**WHAT THE EXERCISE ASKS**
Across the entries below, how many lines contain the word "Longrightarrow"? Give the number alone.

[Saved data entries]
+++

lemma afflen_less_affrefl_iff:
  assumes x: "x \<in> ext_weyl R cr" and "a \<in> P"
    and p: "p \<in> base_alcove P cr" and q: "q \<in> eact x ` base_alcove P cr"
  shows "afflen P cr x < afflen P cr (emult (affrefl cr a k) x)
           \<longleftrightarrow> affine_root cr (a, k) p * affine_root cr (a, k) q > 0"
proof -
  let ?r = "eact (affrefl cr a k)" and ?walls = "walls_between (P \<times> UNIV) (affine_root cr) p"
  interpret wall_reflection "P \<times> UNIV" "affine_root cr" ?r "(a, k)"
    using affine_wall_reflection[OF \<open>a \<in> P\<close>] .
  have aR: "a \<in> R" using \<open>a \<in> P\<close> positive_subset by blast
  have sx: "emult (affrefl cr a k) x \<in> ext_weyl R cr" using ext_weyl_affrefl[OF x aR] .
  have rq: "?r q \<in> eact (emult (affrefl cr a k) x) ` base_alcove P cr"
    using q by (auto simp: eact_emult[OF linear_snd_affrefl])
  have len: "afflen P cr x = card (?walls q)"
    "afflen P cr (emult (affrefl cr a k) x) = card (?walls (?r q))"
    using afflen_eq_card_walls_between[OF x p q] afflen_eq_card_walls_between[OF sx p rq] by auto
  have nonzero: "\<forall>i\<in>P \<times> UNIV. affine_root cr i p \<noteq> 0" "\<forall>i\<in>P \<times> UNIV. affine_root cr i q \<noteq> 0"
    "\<forall>i\<in>P \<times> UNIV. affine_root cr i (?r q) \<noteq> 0"
    using in_chamber_nonzero[OF base_alcove_in_chamber _ p] in_chamber_nonzero[OF alcove_in_chamber[OF x] _ q]
      in_chamber_nonzero[OF alcove_in_chamber[OF sx] _ rq] by blast+
  have fin: "finite (?walls y)" for y using finite_affine_walls_between[OF finite_positive] .
  show ?thesis
  proof
    assume longer: "afflen P cr x < afflen P cr (emult (affrefl cr a k) x)"
    show "affine_root cr (a, k) p * affine_root cr (a, k) q > 0"
    proof (rule ccontr)
      assume "\<not> ?thesis"
      moreover have "affine_root cr (a, k) p * affine_root cr (a, k) q \<noteq> 0"
        using nonzero \<open>a \<in> P\<close> by simp
      ultimately have "affine_root cr (a, k) p * affine_root cr (a, k) q < 0" by linarith
      then have "affine_root cr (a, k) p * affine_root cr (a, k) (?r q) > 0"
        unfolding wall_flip by (simp del: affine_root_apply)
      then have "card (?walls (?r q)) < card (?walls (?r (?r q)))"
        using nonzero fin by (intro card_walls_between_reflect_less) (auto simp: involution)
      then show False using longer len by (simp add: involution)
    qed
  next
    assume "affine_root cr (a, k) p * affine_root cr (a, k) q > 0"
    then have "card (?walls q) < card (?walls (?r q))"
      using nonzero fin by (intro card_walls_between_reflect_less) auto
    then show "afflen P cr x < afflen P cr (emult (affrefl cr a k) x)" using len by simp
  qed
qed

section \<open>Conjugation by elements of W^M\<close>

lemma WM_set_maps_base_alcove:
  assumes uW: "u \<in> WM_set R RM P cr" and p: "p \<in> base_alcove P cr"
  shows "u p \<in> base_alcove (P \<inter> RM) cr"
  unfolding base_alcove_def pairing_def
proof (intro CollectI ballI)
  fix a assume "a \<in> P \<inter> RM"
  then obtain b where b: "b \<in> P" "\<And>z. inv u z \<bullet> rvec (cr b) = z \<bullet> rvec (cr a)"
    using WM_set_inv_positive[OF uW] by metis
  have "u \<in> weyl R cr" using uW by (simp add: WM_set_def)
  then have "u p \<bullet> rvec (cr a) = p \<bullet> rvec (cr b)" using b(2)[of "u p"] by (simp add: weyl_inv_apply)
  then show "0 < u p \<bullet> rvec (cr a) \<and> u p \<bullet> rvec (cr a) < 1"
    using p b(1) by (simp add: base_alcove_def pairing_def)
qed
lemma two_le_average_degree_intersection_graph_iff:
  assumes "finite \<U>" "finite \<W>" "\<U> \<subseteq> L" "\<W> \<subseteq> K"
  shows "2 \<le> average_degree (\<U> <+> \<W>) (induced_edges (intersection_graph_edges L K) (\<U> <+> \<W>))
    \<longleftrightarrow> \<U> <+> \<W> \<noteq> {} \<and> card (\<U> <+> \<W>) \<le> card {(P, Q) \<in> \<U> \<times> \<W>. set P \<inter> set Q \<noteq> {}}"
proof -
  let ?edge = "\<lambda>(P, Q). {Inl P, Inr Q} :: ('a list + 'a list) set"
  have "inj ?edge"
    by (auto simp: inj_def doubleton_eq_iff)
  then show ?thesis
    using assms
    by (subst two_le_average_degree_iff)
       (auto simp: induced_intersection_graph_edges card_image inj_on_subset)
qed

lemma linkage_finite_disjoint:
  "linkage V E L \<Longrightarrow> finite L \<and> disjoint_family_on set L"
  by (auto simp: linkage_def linkage_from_to_def disjoint_family_on_def)

lemma cycle_in_walks_if_average_degree_ge_2:
  assumes L: "linkage V E L" and K: "linkage V E K"
    and u: "is_walk V E u" and w: "is_walk V E w"
    and avg: "average_degree (Inl ` {P \<in> L. sublist P u} \<union> Inr ` {Q \<in> K. sublist Q w})
         (induced_edges (intersection_graph_edges L K)
            (Inl ` {P \<in> L. sublist P u} \<union> Inr ` {Q \<in> K. sublist Q w})) \<ge> 2"
  shows "\<exists>C. is_cycle V E C \<and> set C \<subseteq> set u \<union> set w"
proof (rule ccontr)
  assume no_cycle: "\<nexists>C. is_cycle V E C \<and> set C \<subseteq> set u \<union> set w"
  define \<U> where "\<U> = {P \<in> L. sublist P u}"
  define \<W> where "\<W> = {Q \<in> K. sublist Q w}"
  have distinct: "distinct u" "distinct w"
    using walk_not_distinct_contains_cycle[OF u] walk_not_distinct_contains_cycle[OF w] no_cycle
    by blast+
  have same_order: "in_same_order u w"
    using walks_contain_cycle_unless_in_same_order[OF u w \<open>distinct w\<close>] no_cycle by blast
  have sub: "\<forall>P\<in>\<U>. sublist P u" "\<forall>Q\<in>\<W>. sublist Q w" "\<U> \<subseteq> L" "\<W> \<subseteq> K"
    by (auto simp: \<U>_def \<W>_def)
  have fin: "finite \<U>" "finite \<W>" and disj: "disjoint_family_on set \<U>" "disjoint_family_on set \<W>"
    using linkage_finite_disjoint[OF L] linkage_finite_disjoint[OF K] sub(3,4)
    by (auto intro: finite_subset disjoint_family_on_mono)
  have "2 \<le> average_degree (\<U> <+> \<W>) (induced_edges (intersection_graph_edges L K) (\<U> <+> \<W>))"
    using avg unfolding \<U>_def[symmetric] \<W>_def[symmetric] Plus_def[symmetric] .
  then have nonempty: "\<U> <+> \<W> \<noteq> {}"
    and many_edges: "card (\<U> <+> \<W>) \<le> card {(P, Q) \<in> \<U> \<times> \<W>. set P \<inter> set Q \<noteq> {}}"
    using two_le_average_degree_intersection_graph_iff[OF fin sub(3,4)] by blast+
  show False
    using card_meeting_subpaths_less[OF distinct same_order sub(1,2) fin disj nonempty] many_edges
    by linarith
qed

lemma count_list_le_1_if_distinct: "distinct xs \<Longrightarrow> count_list xs x \<le> 1"
  by (induction xs) auto

lemma has_congestion_if_distinct_subsets:
  assumes "\<forall>i<k. distinct (C i) \<and> set (C i) \<subseteq> set (U i) \<union> set (W i)"
    and "has_congestion k U \<alpha>" "has_congestion k W \<beta>"
  shows "has_congestion k C (\<alpha> + \<beta>)"
  unfolding has_congestion_def
proof
  fix v
  have count_le: "count_list (C i) v \<le> count_list (U i) v + count_list (W i) v" if "i < k" for i
  proof (cases "v \<in> set (C i)")
    case True
    then have "1 \<le> count_list (U i) v + count_list (W i) v"
      using assms(1) that count_list_0_iff[of "U i" v] count_list_0_iff[of "W i" v] by auto
    moreover have "distinct (C i)"
      using assms(1) that by blast
    then have "count_list (C i) v \<le> 1"
      by (rule count_list_le_1_if_distinct)
    ultimately show ?thesis
      by linarith
  qed simp
  have "(\<Sum>i<k. count_list (C i) v) \<le> (\<Sum>i<k. count_list (U i) v + count_list (W i) v)"
    using count_le by (intro sum_mono) simp
  also have "\<dots> = (\<Sum>i<k. count_list (U i) v) + (\<Sum>i<k. count_list (W i) v)"
    by (rule sum.distrib)
  also have "\<dots> \<le> \<alpha> + \<beta>"
    using assms(2,3) unfolding has_congestion_def by (simp add: add_mono)
  finally show "(\<Sum>i<k. count_list (C i) v) \<le> \<alpha> + \<beta>" .
qed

+++

**SOLUTION FOR THIS TASK**
2